§ The records:
lemma cond_prob_eq_cond_kernel:
  assumes k: "1 \<le> k" "k < n" and A: "A \<in> sets piV"
  shows "AE \<omega> in law.
    condP_V law (sig_Vtail_X n piV law k q) k A \<omega> = measure (cond_kernel k (Xobs q n \<omega>) (fst \<omega> (Suc k))) A \<and>
    condP_V law (sig_V1_X n piV law k q) k A \<omega> = measure (cond_kernel k (Xobs q n \<omega>) (fst \<omega> (Suc k))) A"
proof -
  have prob_bounds: "0 \<le> measure (cond_kernel k x w) A \<and> measure (cond_kernel k x w) A \<le> 1" for x w
    using prob_space.prob_le_1[OF prob_space_cond_kernel] by simp
  have "AE \<omega> in law. condP_V law (vimage_algebra (space law) (\<lambda>\<omega>. tail_obs k \<omega>) (tail_space k)) k A \<omega>
      = tail_kernel_prob k A (tail_obs k \<omega>)"
    using prob_bounds by (intro cond_prob_eq_tail_kernel_prob[OF k A measurable_ident_sets
      measurable_tail_kernel_prob[OF k(2) A]]) (auto simp: tail_kernel_prob_def)
  then have tail: "AE \<omega> in law. condP_V law (sig_Vtail_X n piV law k q) k A \<omega>
      = tail_kernel_prob k A (tail_obs k \<omega>)"
    unfolding sig_Vtail_X_def tail_obs_def .
  have "AE \<omega> in law. condP_V law (vimage_algebra (space law)
        (\<lambda>\<omega>. (fst (tail_obs k \<omega>) (Suc k), snd (tail_obs k \<omega>))) (piV \<Otimes>\<^sub>M PiX {q..n})) k A \<omega>
      = tail_kernel_prob k A (tail_obs k \<omega>)"
  proof (rule cond_prob_eq_tail_kernel_prob[OF k A, where p="\<lambda>t. (fst t (Suc k), snd t)"
        and g="\<lambda>y. measure (cond_kernel k (snd y) (fst y)) A"])
    show "(\<lambda>t. (fst t (Suc k), snd t)) \<in> tail_space k \<rightarrow>\<^sub>M piV \<Otimes>\<^sub>M PiX {q..n}"
      using k by simp
    show "(\<lambda>y. measure (cond_kernel k (snd y) (fst y)) A) \<in> borel_measurable (piV \<Otimes>\<^sub>M PiX {q..n})"
      using measurable_pair_PiM_count_space[of "{q..n}" "\<lambda>w x. measure (cond_kernel k x w) A"]
        measurable_cond_kernel[OF A] by simp
  qed (use prob_bounds in \<open>auto simp: tail_kernel_prob_def\<close>)
  moreover have "(\<lambda>\<omega>. (fst (tail_obs k \<omega>) (Suc k), snd (tail_obs k \<omega>))) = (\<lambda>\<omega>. (fst \<omega> (Suc k), Xobs q n \<omega>))"
    using k by (auto simp: tail_obs_def)
  ultimately have current: "AE \<omega> in law. condP_V law (sig_V1_X n piV law k q) k A \<omega>
      = tail_kernel_prob k A (tail_obs k \<omega>)"
    unfolding sig_V1_X_def by simp
  from tail current show ?thesis
    by eventually_elim (use k in \<open>simp add: tail_kernel_prob_def tail_obs_def\<close>)
qed

end

theorem lemma4:
  fixes n q :: nat and piV :: "'v measure"
    and K :: "nat \<Rightarrow> 'x::countable \<Rightarrow> 'v \<Rightarrow> 'v \<Rightarrow> real" and \<nu> :: "nat \<Rightarrow> real"
  assumes n: "1 \<le> n"
    and piV: "prob_space piV"
    and K_meas: "\<forall>i\<ge>1. \<forall>x. (\<lambda>(v, w). K i x v w) \<in> borel_measurable (piV \<Otimes>\<^sub>M piV)"
    and K_distr: "\<forall>i\<ge>1. \<forall>v\<in>space piV. \<forall>w\<in>space piV. ((\<lambda>x. K i x v w) has_sum 1) UNIV"
    and H2_pos: "\<forall>i\<ge>1. 0 < \<nu> i"
    and H2: "\<forall>i\<ge>1. \<forall>x. \<forall>v\<in>space piV. \<forall>w\<in>space piV. \<nu> i \<le> K i x v w \<and> K i x v w \<le> 1"
    and q: "1 \<le> q" "q \<le> n"
  shows "\<exists>Kc :: nat \<Rightarrow> (nat \<Rightarrow> 'x) \<Rightarrow> 'v \<Rightarrow> 'v measure.
     (\<forall>k x w. prob_space (Kc k x w) \<and> sets (Kc k x w) = sets piV) \<and>
     (\<forall>k x A. A \<in> sets piV \<longrightarrow> (\<lambda>w. measure (Kc k x w) A) \<in> borel_measurable piV) \<and>
     (\<forall>k\<in>{1..<n}. \<forall>A\<in>sets piV. AE \<omega> in joint_law n piV K.
         condP_V (joint_law n piV K) (sig_Vtail_X n piV (joint_law n piV K) k q) k A \<omega>
           = measure (Kc k (Xobs q n \<omega>) (fst \<omega> (Suc k))) A \<and>
         condP_V (joint_law n piV K) (sig_V1_X n piV (joint_law n piV K) k q) k A \<omega>
           = measure (Kc k (Xobs q n \<omega>) (fst \<omega> (Suc k))) A) \<and>
     (\<forall>k\<in>{q..<n}. \<exists>\<mu> :: (nat \<Rightarrow> 'x) \<Rightarrow> 'v measure.
         (\<forall>x. prob_space (\<mu> x) \<and> sets (\<mu> x) = sets piV) \<and>
         (\<forall>A\<in>sets piV. AE \<omega> in joint_law n piV K.
            measure (Kc k (Xobs q n \<omega>) (fst \<omega> (Suc k))) A \<ge> \<nu> k * measure (\<mu> (Xobs q n \<omega>)) A)) \<and>
     (\<forall>k\<in>{1..<q}. \<forall>A\<in>sets piV. AE \<omega> in joint_law n piV K.
         measure (Kc k (Xobs q n \<omega>) (fst \<omega> (Suc k))) A = measure piV A)"
proof -
  interpret hmm_model n q piV K \<nu>
    by (rule hmm_model.intro) (use assms in auto)
  have V_space: "fst \<omega> (Suc k) \<in> space piV" if "\<omega> \<in> space (joint_law n piV K)" "k < n" for \<omega> k
    using that by (auto simp: space_law space_pair_measure space_PiM)
  show ?thesis
    apply (intro exI[of _ cond_kernel] conjI allI ballI impI)
    subgoal by (rule prob_space_cond_kernel)
    subgoal by (rule sets_cond_kernel)
    subgoal by (rule measurable_cond_kernel)
    subgoal by (intro cond_prob_eq_cond_kernel) auto
    subgoal for k
      using V_space prob_space_minorising_measure
      by (intro exI[of _ "minorising_measure k"] conjI allI ballI AE_I2 measure_cond_kernel_ge_minorising)
        auto
    subgoal
      using V_space q by (intro AE_I2 measure_cond_kernel_below_q) auto
    done
qed

end
lemma nonneg_matrix_inv_second_difference:
  fixes M P Q :: "real^'n::finite^'n"
  assumes inv: "invertible M" "invertible (M + P)" "invertible (M + Q)" "invertible (M + P + Q)"
    and nonneg_inv: "nonneg_matrix (matrix_inv M)" "nonneg_matrix (matrix_inv (M + P))"
      "nonneg_matrix (matrix_inv (M + Q))" "nonneg_matrix (matrix_inv (M + P + Q))"
    and nonneg: "nonneg_matrix P" "nonneg_matrix Q"
  shows "nonneg_matrix (matrix_inv M - matrix_inv (M + P) - matrix_inv (M + Q) + matrix_inv (M + P + Q))"
proof -
  let ?X = "matrix_inv M" and ?XP = "matrix_inv (M + P)" and ?XQ = "matrix_inv (M + Q)"
    and ?XPQ = "matrix_inv (M + P + Q)"
  have P0: "?X - ?XP = ?XP ** P ** ?X"
    using matrix_inv_diff[OF inv(1,2)] by simp
  have PQ: "?XQ - ?XPQ = ?XPQ ** P ** ?XQ"
    using matrix_inv_diff[OF inv(3,4)] by (simp add: algebra_simps)
  have QP: "?XP - ?XPQ = ?XPQ ** Q ** ?XP"
    using matrix_inv_diff[OF inv(2,4)] by simp
  have Q0: "?X - ?XQ = ?XQ ** Q ** ?X"
    using matrix_inv_diff[OF inv(1,3)] by simp
  have "?X - ?XP - ?XQ + ?XPQ = (?X - ?XP) - (?XQ - ?XPQ)"
    by simp
  also have "\<dots> = (?XP - ?XPQ) ** P ** ?X + ?XPQ ** P ** (?X - ?XQ)"
    by (simp add: P0 PQ matrix_diff_ldistrib matrix_diff_rdistrib matrix_mul_assoc)
  also have "\<dots> = ?XPQ ** Q ** ?XP ** P ** ?X + ?XPQ ** P ** (?XQ ** Q ** ?X)"
    by (simp add: QP Q0)
  finally show ?thesis
    using nonneg_inv nonneg by (simp add: nonneg_matrix_add nonneg_matrix_mult)
qed

subsection \<open>The Laplacian and the grounded Laplacian\<close>

lemma wadj_commute: "wadj E w a b = wadj E w b a"
  by (simp add: wadj_def insert_commute)

lemma transpose_laplacian: "transpose (laplacian E w) = laplacian E w"
  by (simp add: transpose_def laplacian_def vec_eq_iff wadj_commute)
(* y_{i2}^2 = gamma_{i2}^2 = (g i2 i1)^2 y_{i1}^2, and y_{i1}^2 = 0 *)
lemma sq_form_second_min_in_rel_span:
  assumes fin: "finite I" and i1: "i1 \<in> I" "\<forall>a\<in>I. i1 \<le> a"
    and i2: "i2 \<in> I" "i2 \<noteq> i1" "\<forall>a\<in>I - {i1}. i2 \<le> a"
  shows "in_rel_span I g (sq_form i2)"
proof -
  have lt: "i1 < i2" using i1 i2 by force
  have "in_rel_span I g (\<lambda>a b. rel_form g i2 a b + (g i2 i1 * g i2 i1) * rel_form g i1 a b)"
    by (intro in_rel_span_add in_rel_span_smult in_rel_span_rel_form fin i1 i2)
  moreover have "rel_form g i2 a b + (g i2 i1 * g i2 i1) * rel_form g i1 a b = sq_form i2 a b"
    if "a \<in> I" "b \<in> I" for a b
  proof -
    have "gamma_coeff g i2 x = (if x = i1 then g i2 i1 else 0)" "gamma_coeff g i1 x = 0"
      if "x \<in> I" for x
      using that i1 i2 lt by (auto simp: gamma_coeff_def not_less[symmetric])
    then show ?thesis using that lt
      by (cases "a = i1"; cases "b = i1") (auto simp: rel_form_def sq_form_def)
  qed
  ultimately show ?thesis by (rule in_rel_span_cong)
qed

lemma inj_matrix_column_at_eq:
  assumes inj: "inj_matrix I I' M" and fin: "finite I" and i: "i \<in> I" "i' \<in> I"
    and col: "column_at I' M i k" "column_at I' M i' k"
  shows "i = i'"
proof (rule ccontr)
  assume "i \<noteq> i'"
  have "M b i' = (\<Sum>l\<in>{i}. M k i' / M k i * M b l)" if "b \<in> I'" for b
    using col that by (cases "b = k") (auto simp: column_at_def)
  moreover have "{i} \<subseteq> I - {i'}" using i \<open>i \<noteq> i'\<close> by blast
  ultimately show False by (rule inj_matrix_column_not_combination[OF inj fin i(2)])
qed

(* Otherwise column i would be supported on {k1, k2}, hence lie in the span of columns i1 and i2. *)
lemma inj_matrix_column_at_glue:
  assumes inj: "inj_matrix I I' M" and fin: "finite I"
    and i1: "i1 \<in> I" "column_at I' M i1 k1" and i2: "i2 \<in> I" "column_at I' M i2 k2"
    and "i1 \<noteq> i2" "k1 \<noteq> k2" and i: "i \<in> I" "i \<noteq> i1" "i \<noteq> i2"
    and a: "a \<in> I' - {k1}" "column_at (I' - {k1}) M i a"
    and c: "c \<in> I' - {k2}" "column_at (I' - {k2}) M i c"
  shows "column_at I' M i a"
proof -
  have "a = c"
  proof (rule ccontr)
    assume "a \<noteq> c"
    then have "a = k2" "c = k1" using a c by (auto simp: column_at_def)
    then have outside: "M b i = 0" if "b \<in> I'" "b \<noteq> k1" "b \<noteq> k2" for b
      using a that by (simp add: column_at_def)
    define coef where "coef l = (if l = i1 then M k1 i / M k1 i1 else M k2 i / M k2 i2)" for l
    have "M b i = (\<Sum>l\<in>{i1, i2}. coef l * M b l)" if "b \<in> I'" for b
    proof -
      have "(\<Sum>l\<in>{i1, i2}. coef l * M b l) = M k1 i / M k1 i1 * M b i1 + M k2 i / M k2 i2 * M b i2"
        using \<open>i1 \<noteq> i2\<close> by (simp add: coef_def)
      then show ?thesis
        using i1(2) i2(2) \<open>k1 \<noteq> k2\<close> outside that
        by (cases "b = k1"; cases "b = k2") (simp_all add: column_at_def)
    qed
    moreover have "{i1, i2} \<subseteq> I - {i}" using i1 i2 i by blast
    ultimately show False by (rule inj_matrix_column_not_combination[OF inj fin i(1)])
  qed
  then show ?thesis using a c \<open>k1 \<noteq> k2\<close> by (auto simp: column_at_def)
qed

§ The task: Copy out the lines above that hold the string "unfolding".

§ Completed exercise:
    unfolding sig_Vtail_X_def tail_obs_def .
    unfolding sig_V1_X_def by simp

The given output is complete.